To be in Rio and not be seduced and lead by Tom Jobim’s tender crooning of Garota de Ipanema would be impossible. One free evening, from our hotel on Copacabana, Don and I hop a bus and shoot out to Ipanema beach, hoping certainly of spotting multitude of the alluring Ipanema garotas. Instead we are met with shoe shine boys harassing us every few minutes, little girls shoving chiclets in our hands and sub-teenagers pandering all sorts of little junk. Even when we sit at a beach front café, they brush by. A little boy goes from table to table,  placing two unshelled peanuts on every table, comes back after a few minutes to retrieve them, or if lucky someone would buy a paper cone full. A clever sales strategy. The whole scene is reminiscent of Chowpati beach in Mumbai.

So we submerge ourselves in things Brazil. But what spells Brazil better than its unbridled  passion for the Football? By then in 1979, already three World Cup championships under their belts, they would go on to win two more championships to the date. Have had our fill of feijoada and several kaipirinhas on Saturday, organized for us on Sunday is the football game. Playing today are the two arch rivals Botafogo and Flamengo, both of Rio de Janeiro. This isn’t an ordinary cross-town game. It’s the final game of the annual regional championship Campeonato Carrioca. The stadium is swarming like tidal waves of red and black and black and white colors representing the rival teams. The atmosphere is vibrant and the roar and the noise are sky splitting – a carnival incarnate of kicking the ball.

The general atmosphere is tenser than Chicago’s White Sox playing the deciding game against the Cubs in their annual six games series, Crosstown Classic. So we are in for some buoyant soccer treat. Our hosts have us delivered at the stadium and then unencumbered, disappear to spend the evening with their family and friends, watching the game on the TV in the comfort of their homes.  A smart move!
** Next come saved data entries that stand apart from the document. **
(* Let $v$ and $k\ge 2$ be powers of the same prime. Then there exists an $\mathrm{RBIBD}(v,k,1)$ (and hence a $(k,r)$-regular LDPC code of length $vr/k$ and rate at least $(r-k)/r$ based on it, where $r=(v-1)/(k-1)$) if and only if $v-1\equiv 0 \pmod{k-1}$ and $v\equiv 0 \pmod{k}$.
   Context: A $\mathrm{BIBD}(v,k,\lambda)$ is a pair $(X,\mathcal{B})$ where $X$ is a set of $v$ points and $\mathcal{B}$ a collection of $k$-subsets (blocks) such that every pair of distinct points lies in exactly $\lambda$ blocks; each point then lies in the same number $r$ of blocks, with $\lambda(v-1)=r(k-1)$ and $bk=vr$ where $b=|\mathcal{B}|$. It is resolvable, written $\mathrm{RBIBD}(v,k,\lambda)$, if $\mathcal{B}$ can be partitioned into classes each of which partitions $X$. The LDPC code based on the design is the binary linear code having the $v\times b$ point-block incidence matrix as parity-check matrix $H$. The code is $(k,r)$-regular if all columns of $H$ have weight $k$ and all rows weight $r$; its rate is $(b-\mathrm{rank}_2(H))/b$, with $b$ the length. *)

theory Defs
  imports "HOL-Computational_Algebra.Primes"
begin

text \<open>Blocks are modelled as a set of sets; for lambda = 1 and k >= 2
  a repeated block is impossible anyway.\<close>
definition bibd :: "'a set \<Rightarrow> 'a set set \<Rightarrow> nat \<Rightarrow> nat \<Rightarrow> nat \<Rightarrow> bool" where
  "bibd X B v k lam \<longleftrightarrow>
     finite X \<and> card X = v \<and>
     (\<forall>b\<in>B. b \<subseteq> X \<and> card b = k) \<and>
     (\<forall>x\<in>X. \<forall>y\<in>X. x \<noteq> y \<longrightarrow> card {b\<in>B. x \<in> b \<and> y \<in> b} = lam)"

definition partitions_points :: "'a set \<Rightarrow> 'a set set \<Rightarrow> bool" where
  "partitions_points X C \<longleftrightarrow>
     (\<forall>c\<in>C. c \<subseteq> X) \<and> (\<forall>x\<in>X. \<exists>!c. c \<in> C \<and> x \<in> c)"

definition resolvable :: "'a set \<Rightarrow> 'a set set \<Rightarrow> bool" where
  "resolvable X B \<longleftrightarrow>
     (\<exists>P :: 'a set set set.
        (\<forall>C\<in>P. C \<subseteq> B \<and> partitions_points X C) \<and>
        (\<forall>b\<in>B. \<exists>!C. C \<in> P \<and> b \<in> C))"

definition rbibd :: "'a set \<Rightarrow> 'a set set \<Rightarrow> nat \<Rightarrow> nat \<Rightarrow> nat \<Rightarrow> bool" where
  "rbibd X B v k lam \<longleftrightarrow> bibd X B v k lam \<and> resolvable X B"

end

(*
  Necessity is double counting: the blocks through a point partition the other v - 1 points
  into sets of size k - 1, and a parallel class partitions the v points into blocks of size k.

  Sufficiency: (p^c - 1) dvd (p^a - 1) forces c dvd a, so GF(p^c) is a subfield of GF(p^a).
  Both fields are found inside an algebraic closure of Z/p as the fixed points of x |-> x^(p^c)
  and x |-> x^(p^a): these sets are subfields by the Frobenius identity (x + y)^p = x^p + y^p,
  and they have the right size because X^q - X splits into distinct linear factors.  The affine
  lines x + GF(p^c) d (d \<noteq> 0) of GF(p^a) form an RBIBD(p^a, p^c, 1) whose parallel classes
  are the lines sharing a direction d.
*)
theory Submission
  imports Defs "HOL-Algebra.Algebraic_Closure" "HOL-Number_Theory.Residues"
begin

(* The theorem uses X as a variable name and means the prime of Factorial_Ring. *)
no_notation var (\<open>X\<index>\<close>)
hide_const (open) Divisibility.prime

section \<open>Necessary conditions\<close>

lemma bibd_blocks_through_point:
  assumes "bibd X B v k 1" and "x \<in> X"
  shows "v - 1 = card {b\<in>B. x \<in> b} * (k - 1)"
proof -
  have fin: "finite X" and cX: "card X = v" and blk: "\<And>b. b \<in> B \<Longrightarrow> b \<subseteq> X \<and> card b = k"
    and pair: "\<And>y z. y \<in> X \<Longrightarrow> z \<in> X \<Longrightarrow> y \<noteq> z \<Longrightarrow> card {b\<in>B. y \<in> b \<and> z \<in> b} = 1"
    using assms(1) by (auto simp: bibd_def)
  define Bx where "Bx = {b\<in>B. x \<in> b}"
  have finB: "finite B"
    using blk fin by (intro finite_subset[of B "Pow X"]) auto
  have cover: "X - {x} = (\<Union>b\<in>Bx. b - {x})"
  proof (intro equalityI subsetI)
    fix z assume z: "z \<in> X - {x}"
    then have "card {b\<in>B. x \<in> b \<and> z \<in> b} = 1" using pair assms(2) by auto
    then obtain b where "{b\<in>B. x \<in> b \<and> z \<in> b} = {b}" by (rule card_1_singletonE)
    then show "z \<in> (\<Union>b\<in>Bx. b - {x})" using z by (auto simp: Bx_def)
  qed (use blk in \<open>auto simp: Bx_def\<close>)
  have disjoint: "(b - {x}) \<inter> (b' - {x}) = {}" if "b \<in> Bx" "b' \<in> Bx" "b \<noteq> b'" for b b'
  proof (rule ccontr)
    assume "(b - {x}) \<inter> (b' - {x}) \<noteq> {}"
    then obtain z where z: "z \<in> b" "z \<in> b'" "z \<noteq> x" by blast
    have "card {b, b'} \<le> card {c\<in>B. x \<in> c \<and> z \<in> c}"
      using that z finB by (intro card_mono) (auto simp: Bx_def)
    moreover have "z \<in> X" using z that blk by (auto simp: Bx_def)
    ultimately show False using pair[of x z] z assms(2) that(3) by simp
  qed
  have "card (X - {x}) = (\<Sum>b\<in>Bx. card (b - {x}))"
    unfolding cover using finB fin blk disjoint
    by (intro card_UN_disjoint) (auto simp: Bx_def intro: rev_finite_subset)
  also have "\<dots> = card Bx * (k - 1)"
    using blk by (simp add: Bx_def)
  finally show ?thesis using cX assms(2) fin by (simp add: Bx_def)
qed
This is my very first live football game to watch. What can be a better place to be initiated in than Rio de Janeiro in Brazil? I am teamed up with Don (Stewart), Lee (Hall), Regis (Pagniez) and Laurent (Grumbach). We’ve got seats up front closer to the field with a perfect view. As we arrive, we hear a few hoots from up above, but none of us suspects as them being pointed towards us. We take it as no more than a part of the overall exuberance inherent to such games. But the assault begins in earnest at the half time when we stand up to stretch our legs. First come down the big blobs of fresh spits hitting us like targeted bird droppings. Then we are showered with the yellow gobs of phlegm and snot that smear my pants and the shirt. And then a plastic bag filled with piss hits Don’s shoulder and bounces off to the edge of a stair and splashes all over like the bursting of a punctured water balloon. We are confused and scared. Could it be because we looked foreign? Gringos? We look around and wonder, don’t notice anyone in particular, and the people sitting around us just shrug at us, and they are not being sympathetic at all. What the fuck? Don, Lee and Regis split immediately. Laurent and I dare stick around in the defiance to the attack. For whatever reason, the assault stops. We watch the game to the end and experience the jubilant spirit of bright and wide red and black strips of Flamengo floating in the bleachers – mostly across the arena on the other side, whereas the fans around where we sit with their black and white banners, hats and jerseys depart long faced and defeated. The scene reminds me of the two sides of a river story told frequently in India. The left bank is jubilant with music and laughs and dancing leading the bridegroom atop his prancing white horse while the mood on the right bank is somber with the funeral procession, the pall bearers carrying up above their heads the deceased body wrapped in white kafan, only the face showing. Laurent and I return to the hotel, with a feeling of humiliation still weighing heavy on our hearts. Not to mention how exhausted we are. But we still have the whole evening ahead of us.